A useful reminder. Universal already did this by removing from YouTube Kim Dotcom's above-board rap video promoting MegaUpload. At first they made a false claim of plagiarism[1], but it turns out they feel the tools they built for copyright takedowns can be used for arbitrary censorship[2].

[1] http://www.techdirt.com/articles/20111209/14234917026/univer...

[2] https://torrentfreak.com/megaupload-video-reinstated-univers...


Aaand here's a fresh one: http://arstechnica.com/tech-policy/2012/07/major-label-uses-...

BMG made a claim on Obama's singing in a political ad.

I'm all for laws being applied strictly to politicians who have the power to challenge them or change them. YouTube's fair use defense can only kick in in ten days. It does show the DMCA is not compatible with free speech, and if anyone cared about that, the argument would be easier to make than in the Citizens United case.


I missed this story the first time around. Link to source?


Done. And it was Universal not Viacom, sorry about that.


"Waiting for connect.facebook.net"

sigh

Seriously, if you're going to add stuff like this to a website, PLEASE make sure it does not turn your site into a big white blank page if anything goes wrong. The only way I could view the site was to install Facebook Disconnect.


Ghostery gets rid of that, plus a whole host of others.


Tell me again how "copyright"/"intellectual property" and free speech are somehow compatible?


In what way aren't they? "Free speech" as a right is intended to protect your ability to pronounce your original thoughts, which may be unpopular. It protects you from the government silencing you for political reasons. It does not:

1. Require other private citizens to listen to you, or agree with you

2. Require private corporations to broadcast your work or otherwise expend resources to make it available.

3. Give you free license to republish other people's work.

I mean, suppose I were to collect all of your Hacker News comments and publish them as "The Collected Works of Bediger4000" without your permission and without compensating you. Do you believe that should be protected as free speech?


I don't see how getting Dan Bull to not express his views is not censorship. Perhaps not governmental (in the USA, in other countries, we have "Crown Copyright").

As far as my belief goes, yes, you (and whoever would like to) should collect all of my Hacker News comments, and republish them as widely as possible. I personally don't believe in the legitimacy of the concept of "intellectual property". Independent invention pretty much negates "intellectual property" in my viewpoint, but I also believe that the harm of keeping other people from doing things outweighs any benefits society (or individuals) get from squelching some arbitrary expression.

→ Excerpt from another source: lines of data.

lemma (in prob_space)
  fixes X :: "'a \<Rightarrow> 'b::euclidean_space" and Y :: "'a \<Rightarrow> real"
  assumes [measurable]: "X \<in> borel_measurable M" "Y \<in> borel_measurable M"
    and bounded: "AE \<omega> in M. norm (X \<omega>) \<le> r" and "0 < n" and "n \<le> N"
  defines "Q \<equiv> PiM {..<N} (\<lambda>_. distr M borel (\<lambda>\<omega>. (X \<omega>, Y \<omega>)))"
  shows integrable_sample_mean_sq_dev: "integrable Q (\<lambda>s. (norm (sample_mean n s - expectation X))\<^sup>2)"
    and sample_mean_sq_dev_le: "(\<integral>s. (norm (sample_mean n s - expectation X))\<^sup>2 \<partial>Q) \<le> r\<^sup>2 / real n"
proof -
  let ?P = "distr M borel (\<lambda>\<omega>. (X \<omega>, Y \<omega>))"
  have P: "prob_space ?P"
    by (rule prob_space_distr) measurable
  have mean: "integral\<^sup>L ?P fst = expectation X"
    by (subst integral_distr) auto
  have moments: "integrable ?P fst" "integrable ?P (\<lambda>z. (norm (fst z - integral\<^sup>L ?P fst))\<^sup>2)"
    using integrable_of_norm_bounded[OF _ bounded] integrable_sq_dev_of_norm_bounded[OF _ bounded]
    by (simp_all add: integrable_distr_eq mean)
  have variance: "(\<integral>z. (norm (fst z - integral\<^sup>L ?P fst))\<^sup>2 \<partial>?P) \<le> r\<^sup>2"
    using integral_sq_dev_le[OF _ bounded] by (subst integral_distr) (auto simp: mean)
  show "integrable Q (\<lambda>s. (norm (sample_mean n s - expectation X))\<^sup>2)"
    using integrable_iid_mean_sq_dev[OF P moments assms(4,5)] by (simp add: Q_def sample_mean_def mean)
  show "(\<integral>s. (norm (sample_mean n s - expectation X))\<^sup>2 \<partial>Q) \<le> r\<^sup>2 / real n"
    using iid_mean_variance[OF P moments assms(4,5)] variance
    by (simp add: Q_def sample_mean_def mean divide_right_mono)
qed

lemma borel_measurable_clip [measurable]: "clip R \<in> borel_measurable borel"
  unfolding clip_def by measurable

lemma borel_measurable_closest_point_cball [measurable]:
  "closest_point (cball (0::'a::euclidean_space) D) \<in> borel_measurable borel"
proof (cases "D < 0")
  case True
  then have "closest_point (cball (0::'a) D) = (\<lambda>_. closest_point {} 0)"
    by (simp add: closest_point_def fun_eq_iff)
  then show ?thesis by simp
next
  case False
  then show ?thesis
    by (intro borel_measurable_continuous_onI continuous_on_closest_point) auto
qed

lemma norm_sgd_iter_le: "0 \<le> D \<Longrightarrow> norm (sgd_iter D R lam mu xs k) \<le> D"
  by (cases k) (auto simp: Let_def intro!: closest_point_in_set[of "cball 0 D", simplified])

lemma borel_measurable_sgd_iter:
  fixes xs :: "'s \<Rightarrow> nat \<Rightarrow> 'a::euclidean_space \<times> real"
  assumes "\<And>t. 1 \<le> t \<Longrightarrow> t \<le> k \<Longrightarrow> (\<lambda>s. xs s t) \<in> borel_measurable Q"
    and [measurable]: "m \<in> borel_measurable Q"
  shows "(\<lambda>s. sgd_iter D R lam (m s) (xs s) k) \<in> borel_measurable Q"
  using assms(1)
proof (induction k)
  case (Suc k)
  have [measurable]: "(\<lambda>s. xs s (Suc k)) \<in> borel_measurable Q"
    and [measurable]: "(\<lambda>s. sgd_iter D R lam (m s) (xs s) k) \<in> borel_measurable Q"
    using Suc by auto
  show ?case
    unfolding sgd_iter.simps Let_def by measurable
qed simp

lemma norm_tail_average_le:
  fixes v :: "nat \<Rightarrow> 'a::real_normed_vector"
  assumes "even T" "0 < T" "\<And>t. norm (v t) \<le> D"
  shows "norm ((2 / real T) *\<^sub>R (\<Sum>t\<in>{T div 2 + 1..T}. v t)) \<le> D"
proof -
  have "norm (\<Sum>t\<in>{T div 2 + 1..T}. v t) \<le> (\<Sum>t\<in>{T div 2 + 1..T}. norm (v t))"
    by (rule norm_sum)
  also have "\<dots> \<le> (\<Sum>t\<in>{T div 2 + 1..T}. D)"
    using assms(3) by (rule sum_mono)
  also have "\<dots> = real (T div 2) * D"
    using \<open>even T\<close> by (auto elim!: evenE)
  finally show ?thesis
    using assms(1,2) by (auto elim!: evenE simp: field_simps)
qed

(* Phase 1 reads the samples s 0, ..., s (T - 1); step t of phase 2 reads s (T + t - 1). *)
definition sgd_output :: "real \<Rightarrow> real \<Rightarrow> real \<Rightarrow> nat \<Rightarrow> (nat \<Rightarrow> 'a::euclidean_space \<times> real) \<Rightarrow> 'a" where
  "sgd_output D R lam T s = (2 / real T) *\<^sub>R
     (\<Sum>t\<in>{T div 2 + 1..T}. sgd_iter D R lam (sample_mean T s) (\<lambda>t. s (T + t - 1)) (t - 1))"

lemma borel_measurable_PiM_component:
  assumes "i \<in> I" and "sets P = sets borel"
  shows "(\<lambda>s. s i) \<in> borel_measurable (PiM I (\<lambda>_. P))"
  unfolding measurable_cong_sets[OF refl assms(2), symmetric]
  by (rule measurable_component_singleton[OF assms(1)])

lemma
  fixes P :: "('a::euclidean_space \<times> real) measure"
  assumes "sets P = sets borel"
  shows borel_measurable_sample_mean: "n \<le> N \<Longrightarrow> sample_mean n \<in> borel_measurable (PiM {..<N} (\<lambda>_. P))"
    and borel_measurable_sgd_output: "sgd_output D R lam T \<in> borel_measurable (PiM {..<2 * T} (\<lambda>_. P))"
proof -
  have component: "(\<lambda>s. s i) \<in> borel_measurable (PiM I (\<lambda>_. P))" if "i \<in> I" for i and I :: "nat set"
    using that assms by (rule borel_measurable_PiM_component)
  show mean: "sample_mean n \<in> borel_measurable (PiM {..<N} (\<lambda>_. P))" if "n \<le> N" for n N
    unfolding sample_mean_def[abs_def] using that
    by (intro borel_measurable_scaleR borel_measurable_const borel_measurable_sum
        measurable_compose[OF component borel_measurable_fst_borel]) auto
  have "(\<lambda>s. sgd_iter D R lam (sample_mean T s) (\<lambda>t. s (T + t - 1)) k) \<in> borel_measurable (PiM {..<2 * T} (\<lambda>_. P))"
    if "k < T" for k
  proof (rule borel_measurable_sgd_iter)
    show "(\<lambda>s. s (T + t - 1)) \<in> borel_measurable (PiM {..<2 * T} (\<lambda>_. P))" if "1 \<le> t" "t \<le> k" for t
      using that \<open>k < T\<close> by (intro component) auto
  qed (rule mean, simp)
  then have "(\<lambda>s. \<Sum>t\<in>{T div 2 + 1..T}. sgd_iter D R lam (sample_mean T s) (\<lambda>t. s (T + t - 1)) (t - 1))
      \<in> borel_measurable (PiM {..<2 * T} (\<lambda>_. P))"
    by (intro borel_measurable_sum) auto
  then show "sgd_output D R lam T \<in> borel_measurable (PiM {..<2 * T} (\<lambda>_. P))"
    unfolding sgd_output_def[abs_def] by (rule borel_measurable_scaleR[OF borel_measurable_const])
qed

lemma norm_sgd_output_le:
  assumes "even T" "0 < T" "0 \<le> D"
  shows "norm (sgd_output D R lam T s) \<le> D"
  unfolding sgd_output_def using assms by (intro norm_tail_average_le norm_sgd_iter_le)

lemma integrable_sq_dist_sgd_output:
  fixes P :: "('a::euclidean_space \<times> real) measure"
  assumes "prob_space P" and "sets P = sets borel" and "even T" "0 < T" "0 \<le> D"
  shows "integrable (PiM {..<2 * T} (\<lambda>_. P)) (\<lambda>s. (norm (sgd_output D R lam T s - w))\<^sup>2)"
proof -
  interpret prob_space "PiM {..<2 * T} (\<lambda>_. P)"
    using assms(1) by (intro prob_space_PiM)
  have "(norm (sgd_output D R lam T s - w))\<^sup>2 \<le> (D + norm w)\<^sup>2" for s
    using norm_triangle_ineq4[of "sgd_output D R lam T s" w] norm_sgd_output_le[OF assms(3-5), of R lam s]
    by (intro power_mono) auto
  then show ?thesis
    using borel_measurable_sgd_output[OF assms(2)]
    by (intro integrable_const_bound[where B = "(D + norm w)\<^sup>2"]) auto
qed

theorem lemma9:
  fixes M :: "'w measure"
    and X :: "'w \<Rightarrow> real^'n" and Eps B :: "'w \<Rightarrow> real"
    and wstar :: "real^'n"
    and D \<sigma> \<alpha> \<rho> :: real and T :: nat
  assumes "prob_space M"
    and "D > 0" and "\<sigma> \<ge> 0" and "0 \<le> \<alpha>" and "\<alpha> < 1" and "\<rho> > 0"
    and "T > 0" and "even T"
    and "norm wstar \<le> D"
    and "X \<in> borel_measurable M" and "Eps \<in> borel_measurable M" and "B \<in> borel_measurable M"
    and "prob_space.indep_sets M
           (\<lambda>i::nat. if i = 0 then {X -` A \<inter> space M | A. A \<in> sets borel}
                    else if i = 1 then {Eps -` A \<inter> space M | A. A \<in> sets borel}
                    else {B -` A \<inter> space M | A. A \<in> sets borel}) {0, 1, 2}"
    and "AE \<omega> in M. norm (X \<omega>) \<le> 1"
    and "psd (covariance_matrix M X - \<rho> *\<^sub>R mat 1)"
    and "AE \<omega> in M. \<bar>Eps \<omega>\<bar> \<le> \<sigma>"
    and "integral\<^sup>L M Eps = 0"
    and "measure M {\<omega> \<in> space M. B \<omega> \<noteq> 0} = \<alpha>"
  defines "R \<equiv> 6 * D + \<sigma>"
    and "lam \<equiv> (1 - \<alpha>) * \<rho>"
    and "C \<equiv> (1 - \<alpha>) * \<rho> / 2"
    and "P \<equiv> distr M borel (\<lambda>\<omega>. (X \<omega>, wstar \<bullet> X \<omega> + Eps \<omega> + B \<omega>))"
    and "mu \<equiv> (\<lambda>s::nat \<Rightarrow> (real^'n) \<times> real. (1 / real T) *\<^sub>R (\<Sum>i<T. fst (s i)))"
    and "wbar \<equiv> (\<lambda>s::nat \<Rightarrow> (real^'n) \<times> real. (2 / real T) *\<^sub>R
           (\<Sum>t\<in>{T div 2 + 1..T}. sgd_iter D (6 * D + \<sigma>) ((1 - \<alpha>) * \<rho>)
             ((1 / real T) *\<^sub>R (\<Sum>i<T. fst (s i))) (\<lambda>t. s (T + t - 1)) (t - 1)))"
    and "L \<equiv> (\<lambda>(w::real^'n) (m::real^'n). integral\<^sup>L M (\<lambda>\<omega>.
           huber (6 * D + \<sigma>) ((w - wstar) \<bullet> (X \<omega> - m) - wstar \<bullet> m - Eps \<omega> - B \<omega>)))"
    and "Ltil \<equiv> (\<lambda>(w::real^'n) (m::real^'n). integral\<^sup>L M (\<lambda>\<omega>.
           huber (6 * D + \<sigma>) ((w - wstar) \<bullet> (X \<omega> - integral\<^sup>L M X) - wstar \<bullet> m - Eps \<omega> - B \<omega>)))"
  shows "(\<integral>s. (Ltil (wbar s) (mu s) - L (wbar s) (mu s)) \<partial>(PiM {..<2*T} (\<lambda>_. P)))
         \<le> C / 2 * (\<integral>s. (norm (wbar s - wstar))\<^sup>2 \<partial>(PiM {..<2*T} (\<lambda>_. P)))
           + 2 * R\<^sup>2 / C * ((36 * ln (real T) + 4) / real T)"
proof -
  interpret prob_space M by fact
  have [measurable]: "X \<in> borel_measurable M" "Eps \<in> borel_measurable M" "B \<in> borel_measurable M"
    using assms(10-12) by auto
  have "0 \<le> R" "0 < C"
    using assms(2,3,5,6) by (simp_all add: R_def C_def)
  define m0 where "m0 = expectation X"
  define Q where "Q = PiM {..<2 * T} (\<lambda>_. P)"
  have mu_eq: "mu = sample_mean T" and wbar_eq: "wbar = sgd_output D R lam T"
    by (simp_all add: fun_eq_iff mu_def wbar_def sample_mean_def sgd_output_def R_def lam_def)
  have wbar_dev: "integrable Q (\<lambda>s. (norm (wbar s - wstar))\<^sup>2)"
    unfolding wbar_eq Q_def P_def using assms(2,7,8)
    by (intro integrable_sq_dist_sgd_output prob_space_distr) auto
  have mu_dev: "integrable Q (\<lambda>s. (norm (mu s - m0))\<^sup>2)" "(\<integral>s. (norm (mu s - m0))\<^sup>2 \<partial>Q) \<le> 1 / real T"
    using integrable_sample_mean_sq_dev[OF _ _ assms(14) assms(7), of _ "2 * T"]
      sample_mean_sq_dev_le[OF _ _ assms(14) assms(7), of _ "2 * T"]
    by (simp_all add: mu_eq m0_def Q_def P_def)
  have "Ltil (wbar s) (mu s) - L (wbar s) (mu s)
      \<le> C / 2 * (norm (wbar s - wstar))\<^sup>2 + R\<^sup>2 / (2 * C) * (norm (mu s - m0))\<^sup>2" for s
    using huber_recentering_gap_le[of X "\<lambda>\<omega>. wstar \<bullet> mu s + Eps \<omega> + B \<omega>" R C "wbar s - wstar" m0 "mu s"]
      \<open>0 \<le> R\<close> \<open>0 < C\<close>
    by (simp add: Ltil_def L_def R_def m0_def diff_diff_eq norm_minus_commute)
  then have "(\<integral>s. Ltil (wbar s) (mu s) - L (wbar s) (mu s) \<partial>Q)
      \<le> (\<integral>s. C / 2 * (norm (wbar s - wstar))\<^sup>2 + R\<^sup>2 / (2 * C) * (norm (mu s - m0))\<^sup>2 \<partial>Q)"
    using wbar_dev mu_dev \<open>0 < C\<close> by (intro integral_mono') auto
  also have "\<dots> \<le> C / 2 * (\<integral>s. (norm (wbar s - wstar))\<^sup>2 \<partial>Q) + R\<^sup>2 / (2 * C) * (1 / real T)"
    using wbar_dev mu_dev mult_left_mono[OF mu_dev(2), of "R\<^sup>2 / (2 * C)"] \<open>0 < C\<close> by simp
  also have "\<dots> \<le> C / 2 * (\<integral>s. (norm (wbar s - wstar))\<^sup>2 \<partial>Q) + 2 * R\<^sup>2 / C * ((36 * ln (real T) + 4) / real T)"
    using assms(7) \<open>0 < C\<close> by (simp add: field_simps)
  finally show ?thesis
    unfolding Q_def .
qed

end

So, collect and publish away! I still have my ideas, and when you distribute them so will many, many others! We all win!


I suspect the actual question should be,

"I mean, suppose I were to collect all of your Hacker News comments and publish them as "The Collected Works of imgabe" without your permission and without compensating you. Do you believe that should be protected as free speech?"


A flat "yes". I still stand by my rationale. imgabe didn't "steal" my ideas, I still have them. So do more people, now that the ideas got spread around. imgabe is more than welcome to go to the work of collecting, collating and publishing anything attributed to "bediger4000" on hacker news. The price to society is just too high otherwise. Also, maybe imgabe really did have those ideas, maybe I'm already just copying.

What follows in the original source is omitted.